(Closed) Bankruptcy??

posted 7 years ago in Money
Post # 3
Member
963 posts
Busy bee
  • Wedding: April 2011

I would see a lawyer to talk about it.

Post # 4
Member
450 posts
Helper bee
  • Wedding: March 2012

Positives, you get of most debt. most because tax debts and student loans as well as judgements are not discharged.

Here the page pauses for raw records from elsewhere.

lemma propagator_unitary:
  assumes P: "propagator H \<tau> U" and herm: "\<forall>t\<in>{0..\<tau>}. hermitian (H t)" and t: "t \<in> {0..\<tau>}"
  shows "cinner (U t *v x) (U t *v y) = cinner x y"
proof -
  have "((\<lambda>s. cinner (U s *v x) (U s *v y)) has_vector_derivative 0) (at s within {0..\<tau>})"
    if s: "s \<in> {0..\<tau>}" for s
  proof (rule has_vector_derivative_eq_rhs)
    show "((\<lambda>s. cinner (U s *v x) (U s *v y)) has_vector_derivative
        cinner (U s *v x) ((- \<i>) *s (H s *v (U s *v y))) + cinner ((- \<i>) *s (H s *v (U s *v x))) (U s *v y))
        (at s within {0..\<tau>})"
      by (rule bounded_bilinear.has_vector_derivative[OF bounded_bilinear_cinner
          propagator_has_vector_derivative[OF P s] propagator_has_vector_derivative[OF P s]])
    show "cinner (U s *v x) ((- \<i>) *s (H s *v (U s *v y))) + cinner ((- \<i>) *s (H s *v (U s *v x))) (U s *v y) = 0"
      using cinner_hermitian[of "H s" "U s *v x" "U s *v y"] herm s
      by (simp only: cinner_smult_left cinner_smult_right) simp
  qed
  from has_vector_derivative_zero_constant[OF convex_real_interval(5) this]
  obtain c where "\<And>s. s \<in> {0..\<tau>} \<Longrightarrow> cinner (U s *v x) (U s *v y) = c" by blast
  moreover have "0 \<in> {0..\<tau>}" using t by auto
  ultimately show ?thesis using t P by (metis matrix_vector_mul_lid propagator_def)
qed
text \<open>\<open>\<langle>U(\<tau>-t) y | \<Theta> \<tilde>U(t) \<Theta> x\<rangle>\<close> is constant in \<open>t\<close>, because \<open>H\<close> is Hermitian.\<close>
lemma propagator_time_reversal:
  assumes P: "propagator H \<tau> U" and herm: "\<forall>t\<in>{0..\<tau>}. hermitian (H t)"
    and T: "antiunitary \<Theta>" and T_sq: "\<forall>x. \<Theta> (\<Theta> x) = x"
    and P_rev: "propagator (\<lambda>t. cmatrix (\<lambda>x. \<Theta> (H (\<tau> - t) *v \<Theta> x))) \<tau> U_rev"
    and tau: "0 \<le> \<tau>"
  shows "cinner (\<Theta> x) (U_rev \<tau> *v \<Theta> y) = cinner y (U \<tau> *v x)"
proof -
  define g where "g t = cinner (U (\<tau> - t) *v x) (\<Theta> (U_rev t *v \<Theta> y))" for t
  have "(g has_vector_derivative 0) (at t within {0..\<tau>})" if t: "t \<in> {0..\<tau>}" for t
  proof -
    have "hermitian (H (\<tau> - t))" using herm t by auto
    then have "cinner (\<i> *s (H (\<tau> - t) *v (U (\<tau> - t) *v x))) (\<Theta> (U_rev t *v \<Theta> y))
        + cinner (U (\<tau> - t) *v x) (\<i> *s (H (\<tau> - t) *v \<Theta> (U_rev t *v \<Theta> y))) = 0"
      by (simp add: cinner_hermitian cinner_smult_left cinner_smult_right)
    with bounded_bilinear.has_vector_derivative[OF bounded_bilinear_cinner
          propagator_reversed_has_vector_derivative[OF P t, of x]
          antiunitary_conj_propagator_has_vector_derivative[OF T T_sq P_rev t, of y]]
    show ?thesis unfolding g_def by (simp add: add.commute)
  qed
  from has_vector_derivative_zero_constant[OF convex_real_interval(5) this]
  obtain c where "\<And>s. s \<in> {0..\<tau>} \<Longrightarrow> g s = c" by blast
  then have "g \<tau> = g 0" using tau by auto
  then have "cinner x (\<Theta> (U_rev \<tau> *v \<Theta> y)) = cinner (U \<tau> *v x) y"
    using P P_rev T_sq by (simp add: g_def propagator_def)
  then show ?thesis
    using T T_sq unfolding antiunitary_def
    by (metis cinner_commute_cnj)
qed

section \<open>Relative entropy of two spectral decompositions\<close>

lemma kl_term_mult_common:
  assumes "x \<ge> 0" "y \<ge> 0" "c \<ge> 0" "c * x \<noteq> 0 \<Longrightarrow> y \<noteq> 0"
  shows "kl_term (c * x) (c * y) = ereal (c * x * ln x - c * x * ln y)"
proof (cases "c * x = 0")
  case False
  then have "y > 0" "x > 0" "c > 0" using assms by auto
  then show ?thesis using False by (simp add: kl_term_def ln_div ln_mult right_diff_distrib)
qed (simp add: kl_term_def)

text \<open>For a stochastic matrix \<open>n\<close> the joint distribution \<open>n(a,b) p(a)\<close> has first marginal \<open>p\<close>,
  so the \<open>ln p(a)\<close> part of the divergence collapses to the entropy term.\<close>
lemma sum_kl_term_stochastic:
  fixes n :: "'a::finite \<Rightarrow> 'b::finite \<Rightarrow> real"
  assumes n_nonneg: "\<And>a b. n a b \<ge> 0" and rows: "\<And>a. (\<Sum>b\<in>UNIV. n a b) = 1"
    and p_nonneg: "\<And>a. p a \<ge> 0" and q_nonneg: "\<And>b. q b \<ge> 0"
    and supp: "\<And>a b. p a \<noteq> 0 \<Longrightarrow> n a b \<noteq> 0 \<Longrightarrow> q b \<noteq> 0"
  shows "(\<Sum>a\<in>UNIV. \<Sum>b\<in>UNIV. kl_term (n a b * p a) (n a b * q b))
       = ereal ((\<Sum>a\<in>UNIV. p a * ln (p a)) - (\<Sum>b\<in>UNIV. ln (q b) * (\<Sum>a\<in>UNIV. p a * n a b)))"
proof -
  have "kl_term (n a b * p a) (n a b * q b) = ereal (n a b * p a * ln (p a) - n a b * p a * ln (q b))"
    for a b using n_nonneg p_nonneg q_nonneg supp by (intro kl_term_mult_common) auto
  then have "(\<Sum>a\<in>UNIV. \<Sum>b\<in>UNIV. kl_term (n a b * p a) (n a b * q b))
      = ereal ((\<Sum>a\<in>UNIV. \<Sum>b\<in>UNIV. n a b * p a * ln (p a)) - (\<Sum>a\<in>UNIV. \<Sum>b\<in>UNIV. n a b * p a * ln (q b)))"
    by (simp add: sum_subtractf)
  also have "(\<Sum>a\<in>UNIV. \<Sum>b\<in>UNIV. n a b * p a * ln (p a)) = (\<Sum>a\<in>UNIV. p a * ln (p a))"
    by (simp add: sum_distrib_right[symmetric] rows)
  also have "(\<Sum>a\<in>UNIV. \<Sum>b\<in>UNIV. n a b * p a * ln (q b)) = (\<Sum>b\<in>UNIV. ln (q b) * (\<Sum>a\<in>UNIV. p a * n a b))"
    by (subst sum.swap) (simp add: sum_distrib_left mult_ac)
  finally show ?thesis .
qed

Con, at minimum 7 years of hell why trying to learn how to only purchase what you can afford; and paying super high interest rates should you have to get credit for something.

Post # 6
Member
1326 posts
Bumble bee
  • Wedding: October 2011 - Tre Bella, Mesa, AZ

My friend is actually going through this right now. It’s actually costing her between $1k-$2k to file for bankruptcy through the lawyer, so you actually need money to do it (which seems weird to me) & not all of her debt is going away. Personally, unless you are $30k+ in debt, I would look into someone to help with consolidating debt and planning payments vs. going bankrupt. Also, my step-father declared bankruptcy in his 20s, and he and my mom had problems over 20 years later with larger loans (car, house, etc.), so it doesn’t just clear after 7 years.

Post # 7
Member
5110 posts
Bee Keeper
  • Wedding: November 2011

hmm idk

Post # 8
Member
2018 posts
Buzzing bee
  • Wedding: December 2010

If you have absolutely no assets and no student loans and you are in pretty deep, just declare bankruptcy and be done with it.  The debt consolidation will ruin your credit almost as much and you’ll still have the debt to pay off. 

At least with bankruptcy, you can start all over with a clean slate.  I might get a lot of crap for saying this, but it’s not as big a deal as people think.  Lots of really successful people have had to declare bankruptcy at least once. Used properly, it can be a really good thing. Good luck with whatever you decide.

Post # 10
Member
2018 posts
Buzzing bee
  • Wedding: December 2010

I only said the student loans because they aren’t discharged.  They will follow you to the grave! lol  But of course, if that’s all that’s left afterward and you can handle them, do it.  It’s just easier if you have no home (they won’t take your primary residence), art, jewelry, stocks, savings, etc.  They will go through every single thing of value that you might have and make you liquidate.

But if there’s nothing there, then definitely proceed with filing.  It will be a huge relief. Oh, and if you do file for bankruptcy, make sure you are VERY careful to list all of your debtors, besides the obvious ones.  Just take a little time to think because it’s a one-shot deal and if you forget you owe someone and they aren’t notified, you will still be on the hook.

Post # 11
Member
3461 posts
Sugar bee
  • Wedding: May 2012

FYI, it depends on state for what assets you can protect.  I vaguely recall from bankruptcy class that Texas (and maybe Florida?) was the place to be – it exempt something crazy like $2 million (or more?) in a house, plus random things like 2 guns, a saddle, etc.

Post # 12
Member
682 posts
Busy bee
  • Wedding: November 2011

It sucks to be underwater but you can get out, and pay your debts. Dave Ramsey is a good start.